> **Try it**: Line by line, please look for the word "intro" in the following records, then copy each line you find it in.

(Data entries)

__________________________________________________

(* Let $L\ge2$, fix an input $x\in\mathbb R^{d_0}$, and consider the $L$-layer ReLU network with parameters $\bm\theta=(W_1,b_1,\dots,W_L,b_L)$, where $W_l\in\mathbb R^{d_l\times d_{l-1}}$, $b_l\in\mathbb R^{d_l}$ for $l<L$, and $W_L\in\mathbb R^{C\times d_{L-1}}$, $b_L\in\mathbb R^C$; define $a_0(x)=x$, $a_l(x)=\sigma(W_la_{l-1}(x)+b_l)$ for $l=1,\dots,L-1$, and $F_x(\bm\theta)=W_La_{L-1}(x)+b_L$. Define $Z_1^+=\sigma(W_1x+b_1)$, $Z_1^-=0$ and, for $l=1,\dots,L-2$, $p_{l+1}=\sigma(W_{l+1})Z_l^++\sigma(-W_{l+1})Z_l^-+b_{l+1}$, $Z_{l+1}^-=\sigma(W_{l+1})Z_l^-+\sigma(-W_{l+1})Z_l^+$, $Z_{l+1}^+=\max\{p_{l+1},Z_{l+1}^-\}$, and set $A(\bm\theta)=\sigma(W_L)Z_{L-1}^++\sigma(-W_L)Z_{L-1}^-+\sigma(b_L)$, $B(\bm\theta)=\sigma(W_L)Z_{L-1}^-+\sigma(-W_L)Z_{L-1}^++\sigma(-b_L)$. Then $F_x(\bm\theta)=A(\bm\theta)-B(\bm\theta)$ for all $\bm\theta$, and for every block $\theta_l=(W_l,b_l)$, $l\in\{1,\dots,L\}$, when all other blocks are held fixed, each coordinate of $A$ and of $B$ is nonnegative and convex as a function of $\theta_l$.
   Context: $\sigma(t)=\max\{t,0\}$ is the ReLU, applied entrywise to vectors and matrices; $\max\{\cdot,\cdot\}$ of two vectors is taken coordinatewise. *)

theory Defs
  imports "HOL-Analysis.Analysis"
begin

text \<open>Vectors in R^n are functions nat => real (only indices < n matter),
matrices are functions nat => nat => real (row, column).
Network parameters: W l, b l for layer l = 1..L; widths d 0, ..., d L with d L = C.\<close>

definition relu :: "real \<Rightarrow> real" where
  "relu t = max t 0"

definition mv :: "nat \<Rightarrow> (nat \<Rightarrow> nat \<Rightarrow> real) \<Rightarrow> (nat \<Rightarrow> real) \<Rightarrow> nat \<Rightarrow> real" where
  "mv n M v = (\<lambda>i. \<Sum>j<n. M i j * v j)"

definition relu_mat :: "(nat \<Rightarrow> nat \<Rightarrow> real) \<Rightarrow> nat \<Rightarrow> nat \<Rightarrow> real" where
  "relu_mat M = (\<lambda>i j. relu (M i j))"

definition neg_mat :: "(nat \<Rightarrow> nat \<Rightarrow> real) \<Rightarrow> nat \<Rightarrow> nat \<Rightarrow> real" where
  "neg_mat M = (\<lambda>i j. - M i j)"

primrec act :: "(nat \<Rightarrow> nat) \<Rightarrow> (nat \<Rightarrow> nat \<Rightarrow> nat \<Rightarrow> real) \<Rightarrow> (nat \<Rightarrow> nat \<Rightarrow> real)
    \<Rightarrow> (nat \<Rightarrow> real) \<Rightarrow> nat \<Rightarrow> nat \<Rightarrow> real" where
  "act d W b x 0 = x"
| "act d W b x (Suc l) = (\<lambda>i. relu (mv (d l) (W (Suc l)) (act d W b x l) i + b (Suc l) i))"

definition net :: "nat \<Rightarrow> (nat \<Rightarrow> nat) \<Rightarrow> (nat \<Rightarrow> nat \<Rightarrow> nat \<Rightarrow> real) \<Rightarrow> (nat \<Rightarrow> nat \<Rightarrow> real)
    \<Rightarrow> (nat \<Rightarrow> real) \<Rightarrow> nat \<Rightarrow> real" where
  "net L d W b x = (\<lambda>i. mv (d (L - 1)) (W L) (act d W b x (L - 1)) i + b L i)"

text \<open>Z l = (Z_l^+, Z_l^-) for l \<ge> 1 (the value at 0 is irrelevant).\<close>
fun Zpm :: "(nat \<Rightarrow> nat) \<Rightarrow> (nat \<Rightarrow> nat \<Rightarrow> nat \<Rightarrow> real) \<Rightarrow> (nat \<Rightarrow> nat \<Rightarrow> real)
    \<Rightarrow> (nat \<Rightarrow> real) \<Rightarrow> nat \<Rightarrow> (nat \<Rightarrow> real) \<times> (nat \<Rightarrow> real)" where
  "Zpm d W b x 0 = (x, (\<lambda>_. 0))"
| "Zpm d W b x (Suc 0) = ((\<lambda>i. relu (mv (d 0) (W 1) x i + b 1 i)), (\<lambda>_. 0))"
| "Zpm d W b x (Suc (Suc l)) =
     (let (Zp, Zm) = Zpm d W b x (Suc l);
          n = d (Suc l);
          p = (\<lambda>i. mv n (relu_mat (W (Suc (Suc l)))) Zp i
                   + mv n (relu_mat (neg_mat (W (Suc (Suc l))))) Zm i + b (Suc (Suc l)) i);
          Zm' = (\<lambda>i. mv n (relu_mat (W (Suc (Suc l)))) Zm i
                   + mv n (relu_mat (neg_mat (W (Suc (Suc l))))) Zp i)
      in ((\<lambda>i. max (p i) (Zm' i)), Zm'))"

definition Aterm :: "nat \<Rightarrow> (nat \<Rightarrow> nat) \<Rightarrow> (nat \<Rightarrow> nat \<Rightarrow> nat \<Rightarrow> real) \<Rightarrow> (nat \<Rightarrow> nat \<Rightarrow> real)
    \<Rightarrow> (nat \<Rightarrow> real) \<Rightarrow> nat \<Rightarrow> real" where
  "Aterm L d W b x = (let (Zp, Zm) = Zpm d W b x (L - 1); n = d (L - 1) in
     (\<lambda>i. mv n (relu_mat (W L)) Zp i + mv n (relu_mat (neg_mat (W L))) Zm i + relu (b L i)))"

definition Bterm :: "nat \<Rightarrow> (nat \<Rightarrow> nat) \<Rightarrow> (nat \<Rightarrow> nat \<Rightarrow> nat \<Rightarrow> real) \<Rightarrow> (nat \<Rightarrow> nat \<Rightarrow> real)
    \<Rightarrow> (nat \<Rightarrow> real) \<Rightarrow> nat \<Rightarrow> real" where
  "Bterm L d W b x = (let (Zp, Zm) = Zpm d W b x (L - 1); n = d (L - 1) in
     (\<lambda>i. mv n (relu_mat (W L)) Zm i + mv n (relu_mat (neg_mat (W L))) Zp i + relu (- b L i)))"

text \<open>Convexity of a real function of one parameter block theta_l = (W_l, b_l),
 where convex combinations are taken entrywise (literal unfolding of convex_on on
 the parameter space).\<close>
definition block_convex :: "((nat \<Rightarrow> nat \<Rightarrow> real) \<Rightarrow> (nat \<Rightarrow> real) \<Rightarrow> real) \<Rightarrow> bool" where
  "block_convex f \<longleftrightarrow> (\<forall>M1 c1 M2 c2 (t::real). 0 \<le> t \<and> t \<le> 1 \<longrightarrow>
      f (\<lambda>i j. t * M1 i j + (1 - t) * M2 i j) (\<lambda>i. t * c1 i + (1 - t) * c2 i)
        \<le> t * f M1 c1 + (1 - t) * f M2 c2)"

end

theory Submission
  imports Defs
begin

(* Split every weight matrix as W = relu(W) - relu(-W). A pair (Z+, Z-) of nonnegative
   vectors standing for Z+ - Z- then passes through an affine layer as the difference of two
   nonnegative vectors, and the ReLU is absorbed by relu(p - q) = max p q - q; by induction on
   the depth Z_l+ - Z_l- = a_l(x), and F_x = A - B follows in the same way.
   For convexity in the block theta_l: blocks after k do not enter Z_k; Z_l applies
   relu(W_l) and relu(-W_l) to the nonnegative Z_(l-1), adds b_l and takes a maximum, so it is
   convex in theta_l; every later layer combines convex coordinates with the nonnegative
   weights relu(W_k), relu(-W_k), adds a constant and takes a maximum, preserving convexity. *)

lemma relu_nonneg: "0 \<le> relu t"
  by (simp add: relu_def)

lemma relu_minus_relu_neg: "relu t - relu (- t) = t"
  by (simp add: relu_def)

lemma relu_diff_eq_max: "relu (p - q) = max p q - q"
  by (simp add: relu_def max_def)

lemma mv_relu_mat_nonneg: "(\<And>j. 0 \<le> v j) \<Longrightarrow> 0 \<le> mv n (relu_mat M) v i"
  unfolding mv_def relu_mat_def by (intro sum_nonneg) (simp add: relu_nonneg)

definition mv_dc_plus :: "nat \<Rightarrow> (nat \<Rightarrow> nat \<Rightarrow> real) \<Rightarrow> (nat \<Rightarrow> real) \<times> (nat \<Rightarrow> real) \<Rightarrow> nat \<Rightarrow> real"
  where "mv_dc_plus n M Z = (\<lambda>i. mv n (relu_mat M) (fst Z) i + mv n (relu_mat (neg_mat M)) (snd Z) i)"

definition mv_dc_minus :: "nat \<Rightarrow> (nat \<Rightarrow> nat \<Rightarrow> real) \<Rightarrow> (nat \<Rightarrow> real) \<times> (nat \<Rightarrow> real) \<Rightarrow> nat \<Rightarrow> real"
  where "mv_dc_minus n M Z = (\<lambda>i. mv n (relu_mat M) (snd Z) i + mv n (relu_mat (neg_mat M)) (fst Z) i)"

lemma mv_diff_eq_mv_dc:
  "mv n M (\<lambda>j. fst Z j - snd Z j) i = mv_dc_plus n M Z i - mv_dc_minus n M Z i"
proof -
  have "M i j * (fst Z j - snd Z j)
      = (relu (M i j) - relu (- M i j)) * (fst Z j - snd Z j)" for j
    by (simp add: relu_minus_relu_neg)
  also have "\<dots> j = (relu (M i j) * fst Z j + relu (- M i j) * snd Z j)
        - (relu (M i j) * snd Z j + relu (- M i j) * fst Z j)" for j
    by (simp add: algebra_simps)
  finally show ?thesis
    unfolding mv_def mv_dc_plus_def mv_dc_minus_def relu_mat_def neg_mat_def
    by (simp add: sum.distrib sum_subtractf)
qed

lemma mv_dc_nonneg:
  assumes "\<And>j. 0 \<le> fst Z j" and "\<And>j. 0 \<le> snd Z j"
  shows "0 \<le> mv_dc_plus n M Z i" and "0 \<le> mv_dc_minus n M Z i"
  unfolding mv_dc_plus_def mv_dc_minus_def
  using assms by (simp_all add: mv_relu_mat_nonneg)

lemma fst_Zpm_Suc_Suc:
  "fst (Zpm d W b x (Suc (Suc l))) i
     = max (mv_dc_plus (d (Suc l)) (W (Suc (Suc l))) (Zpm d W b x (Suc l)) i + b (Suc (Suc l)) i)
           (mv_dc_minus (d (Suc l)) (W (Suc (Suc l))) (Zpm d W b x (Suc l)) i)"
  by (simp add: mv_dc_plus_def mv_dc_minus_def Let_def split: prod.split)

lemma snd_Zpm_Suc_Suc:
  "snd (Zpm d W b x (Suc (Suc l))) i
     = mv_dc_minus (d (Suc l)) (W (Suc (Suc l))) (Zpm d W b x (Suc l)) i"
  by (simp add: mv_dc_minus_def Let_def split: prod.split)

lemma Aterm_eq: "Aterm L d W b x i = mv_dc_plus (d (L - 1)) (W L) (Zpm d W b x (L - 1)) i + relu (b L i)"
  by (simp add: Aterm_def mv_dc_plus_def Let_def split: prod.split)

lemma Bterm_eq: "Bterm L d W b x i = mv_dc_minus (d (L - 1)) (W L) (Zpm d W b x (L - 1)) i + relu (- b L i)"
  by (simp add: Bterm_def mv_dc_minus_def Let_def split: prod.split)

lemma act_eq_Zpm_diff: "act d W b x k i = fst (Zpm d W b x k) i - snd (Zpm d W b x k) i"
proof (induction d W b x k arbitrary: i rule: Zpm.induct)
  case (3 d W b x l)
  have "act d W b x (Suc l) = (\<lambda>j. fst (Zpm d W b x (Suc l)) j - snd (Zpm d W b x (Suc l)) j)"
    using "3.IH" by blast
  then show ?case
    by (simp add: mv_diff_eq_mv_dc fst_Zpm_Suc_Suc snd_Zpm_Suc_Suc relu_diff_eq_max[symmetric] del: Zpm.simps)
       (simp add: algebra_simps)
qed simp_all

lemma net_eq_Aterm_minus_Bterm: "net L d W b x i = Aterm L d W b x i - Bterm L d W b x i"
proof -
  have "act d W b x (L - 1) = (\<lambda>j. fst (Zpm d W b x (L - 1)) j - snd (Zpm d W b x (L - 1)) j)"
    using act_eq_Zpm_diff by blast
  then show ?thesis
    by (simp add: net_def Aterm_eq Bterm_eq mv_diff_eq_mv_dc relu_minus_relu_neg[symmetric])
qed

lemma Zpm_fun_upd_later_block:
  "k < l \<Longrightarrow> Zpm d (W(l := M)) (b(l := c)) x k = Zpm d W b x k"
  by (induction d W b x k rule: Zpm.induct) (simp_all add: Let_def split: prod.split)

lemma Zpm_nonneg: "0 \<le> fst (Zpm d W b x (Suc k)) i \<and> 0 \<le> snd (Zpm d W b x (Suc k)) i"
proof (induction k arbitrary: i)
  case 0
  then show ?case by (simp add: relu_nonneg)
next
  case (Suc k)
  have "0 \<le> mv_dc_minus (d (Suc k)) (W (Suc (Suc k))) (Zpm d W b x (Suc k)) i"
    using Suc.IH by (intro mv_dc_nonneg) blast+
  then show ?case
    by (simp add: fst_Zpm_Suc_Suc snd_Zpm_Suc_Suc del: Zpm.simps)
qed

lemma block_convex_const: "block_convex (\<lambda>M c. k)"
  unfolding block_convex_def by (simp add: algebra_simps)

lemma block_convex_entry: "block_convex (\<lambda>M c. a * M i j)"
  unfolding block_convex_def by (simp add: algebra_simps)

lemma block_convex_bias: "block_convex (\<lambda>M c. a * c i)"
  unfolding block_convex_def by (simp add: algebra_simps)

lemma block_convex_add:
  assumes "block_convex f" and "block_convex g"
  shows "block_convex (\<lambda>M c. f M c + g M c)"
  unfolding block_convex_def
proof (intro allI impI)
  fix M1 M2 :: "nat \<Rightarrow> nat \<Rightarrow> real" and c1 c2 :: "nat \<Rightarrow> real" and t :: real
  assume t: "0 \<le> t \<and> t \<le> 1"
  let ?M = "\<lambda>i j. t * M1 i j + (1 - t) * M2 i j" and ?c = "\<lambda>i. t * c1 i + (1 - t) * c2 i"
  have "f ?M ?c \<le> t * f M1 c1 + (1 - t) * f M2 c2" "g ?M ?c \<le> t * g M1 c1 + (1 - t) * g M2 c2"
    using assms t unfolding block_convex_def by blast+
  then show "f ?M ?c + g ?M ?c \<le> t * (f M1 c1 + g M1 c1) + (1 - t) * (f M2 c2 + g M2 c2)"
    by (simp add: algebra_simps)
qed

lemma block_convex_scale:
  assumes "block_convex f" and "0 \<le> a"
  shows "block_convex (\<lambda>M c. a * f M c)"
  unfolding block_convex_def
proof (intro allI impI)
  fix M1 M2 :: "nat \<Rightarrow> nat \<Rightarrow> real" and c1 c2 :: "nat \<Rightarrow> real" and t :: real
  assume t: "0 \<le> t \<and> t \<le> 1"
  let ?M = "\<lambda>i j. t * M1 i j + (1 - t) * M2 i j" and ?c = "\<lambda>i. t * c1 i + (1 - t) * c2 i"
  have "a * f ?M ?c \<le> a * (t * f M1 c1 + (1 - t) * f M2 c2)"
    using assms t unfolding block_convex_def by (blast intro: mult_left_mono)
  then show "a * f ?M ?c \<le> t * (a * f M1 c1) + (1 - t) * (a * f M2 c2)"
    by (simp add: algebra_simps)
qed

lemma block_convex_sum:
  fixes n :: nat
  assumes "\<And>j. block_convex (\<lambda>M c. f M c j)"
  shows "block_convex (\<lambda>M c. \<Sum>j<n. f M c j)"
  by (induction n) (simp_all add: block_convex_const block_convex_add assms)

__________________________________________________

> **Response**:
  unfolding mv_def relu_mat_def by (intro sum_nonneg) (simp add: relu_nonneg)
    using Suc.IH by (intro mv_dc_nonneg) blast+
proof (intro allI impI)
proof (intro allI impI)
    using assms t unfolding block_convex_def by (blast intro: mult_left_mono)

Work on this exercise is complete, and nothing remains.